- LDA: limiting dilution assay
- coop: (cellular) cooperation

The LDA is the gold standard for quantification of the clonogenic capacity of non-adherent cells. The most common method for calculating this capacity from an LDA experiment assumes implicitly independence of all cells. Interestingly, this assumption does not hold for many cell lines (i.e. cooperatively growing cells).

Cellular cooperation induces a non-linearity to the dose-response-curve (the (log) fraction of non-responding wells over the number of cells seeded) and thereby biases the estimate of the gold standard analysis method, which assumes linearity. In other words: when surrounded by many other cells, the combined clonogenic activity of 100 cells is higher than the activity of 100 separated single cells. In terms of single cell activity, 100 cells act as if they were more.

Thus, the gold standard analysis method is syntactically applicable but its result is biased (i.e. meaningless) for cooperatively growing cells.

Therefore, this package equips you with the tools you need to robustly quantify the clonogenic capacity of cell lines as well as to quantify the clonogenic survival of those cell lines after treatment.

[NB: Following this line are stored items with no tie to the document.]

(* Assume $\inf_{x\in X}\mu(B_x(1/2))>0$. If $T\in\mathscr{B}(X)$ is a controlled locally compact operator such that $\|\mathbf{1}_{B_x(1)}T\|\to0$ as $x\to\infty$, then $T$ is compact.
   Context: $(X,d)$ is a non-compact proper metric space, $B_x(r)=\{y:d(x,y)\le r\}$, and $\mu$ is a Radon measure with support $X$ such that $\mu(B_x(r))>0$ and $\sup_x\mu(B_x(r))<\infty$ for all $r>0$. $\mathscr{B}(X)$ is the algebra of bounded operators on $L^2(X,\mu)$; $\mathbf{1}_A$ is multiplication by the characteristic function of measurable $A$. $T$ is controlled if there is $r>0$ such that $\mathbf{1}_FT\mathbf{1}_G=0$ for all closed $F,G$ with $d(F,G)>r$. $T$ is locally compact if $\mathbf{1}_KT$ and $T\mathbf{1}_K$ are compact for every compact $K\subset X$. $x\to\infty$ means $x$ leaves every compact set. *)

theory Defs
  imports "HOL-Analysis.Analysis"
begin

text \<open>Square-integrable (complex-valued) functions on a measure space; elements of
  L^2(X,mu) are represented by their representatives.\<close>
definition L2 :: "'a measure \<Rightarrow> ('a \<Rightarrow> complex) set" where
  "L2 M = {f. f \<in> borel_measurable M \<and> integrable M (\<lambda>x. (cmod (f x))^2)}"

definition L2norm :: "'a measure \<Rightarrow> ('a \<Rightarrow> complex) \<Rightarrow> real" where
  "L2norm M f = sqrt (\<integral>x. (cmod (f x))^2 \<partial>M)"

text \<open>A bounded operator on L^2(M), given by a linear lift acting on representatives.\<close>
definition bounded_op :: "'a measure \<Rightarrow> (('a \<Rightarrow> complex) \<Rightarrow> ('a \<Rightarrow> complex)) \<Rightarrow> bool" where
  "bounded_op M T \<longleftrightarrow>
     (\<forall>f\<in>L2 M. T f \<in> L2 M) \<and>
     (\<forall>f\<in>L2 M. \<forall>g\<in>L2 M. T (\<lambda>x. f x + g x) = (\<lambda>x. T f x + T g x)) \<and>
     (\<forall>f\<in>L2 M. \<forall>c. T (\<lambda>x. c * f x) = (\<lambda>x. c * T f x)) \<and>
     (\<exists>C. \<forall>f\<in>L2 M. L2norm M (T f) \<le> C * L2norm M f)"

definition op_norm :: "'a measure \<Rightarrow> (('a \<Rightarrow> complex) \<Rightarrow> ('a \<Rightarrow> complex)) \<Rightarrow> real" where
  "op_norm M T = Sup {L2norm M (T f) | f. f \<in> L2 M \<and> L2norm M f \<le> 1}"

As known from tools for quantification of the clonogenic capacity from LDA data, the input is a data frame (table, matrix) with entries for

- cells: the number of cells seeded in a well
- wells: the number of replicate wells
- response: the number of wells with positive response (growth)
- (optional) group: treatment group - e.g. irradiation dose

All commands to get tables with numbers or plots of the activity are explained below.

Let’s assume, you have conducted an experiment with a set of experimental conditions and biological replicates.

Your data will look something like this

```
#install.packages("LDAcoop")
library(LDAcoop)
data(LDAdata)
head(LDAdata)
#> name replicate Group S-value # Tested # Clonal growth
#> 1 MDA.MB321 1 0 32 12 12
#> 2 MDA.MB321 1 0 16 12 12
#> 3 MDA.MB321 1 0 8 12 12
#> 4 MDA.MB321 1 0 4 12 12
#> 5 MDA.MB321 1 0 2 12 10
#> 6 MDA.MB321 1 0 1 12 7
```

A table of clonogenic activities, cooperativity coefficients and survival fractions can be generated from such a data table as follows:

```
BT20 <- subset.data.frame(x = LDAdata,
subset = name == "BT.20")
BT20 <- BT20[,c("S-value","# Tested","# Clonal growth","Group","replicate")]
round(LDA_table(x = BT20),digits = 3)
#> reference class is 0
#> treatment act act.CI.lb act.CI.ub b b.pvalue SF SF.CI.lb SF.CI.ub
#> 1 0 29.613 24.943 35.339 1.135 0.176 NA NA NA
#> 2 1 33.420 28.330 39.632 1.220 0.043 0.886 0.696 1.129
#> 3 2 40.632 34.391 48.223 1.206 0.062 0.729 0.572 0.929
#> 4 4 72.997 62.611 85.477 1.434 0.003 0.406 0.321 0.513
#> 5 6 180.201 152.880 213.427 1.234 0.038 0.164 0.129 0.209
#> 6 8 423.447 375.448 482.003 2.266 0.000 0.070 0.057 0.086
```

In this table, we find

`treatment`

: the experimental ‘Group’`act`

: the calculated activity for the treatment`act.CI.lb`

and`act.CI.ub`

: its uncertainty (lower and upper bound of the 95%-confidence interval)`b`

: the cooperativity coefficient (1: no cooperativity)`b.pvalue`

: the p-value for test hypothesis of b=1`SF`

: the calculated survival fraction (SF)`SF.CI.lb`

and`SF.CI.ub`

: SF-uncertainty (lb: lower bound, ub: upper bound)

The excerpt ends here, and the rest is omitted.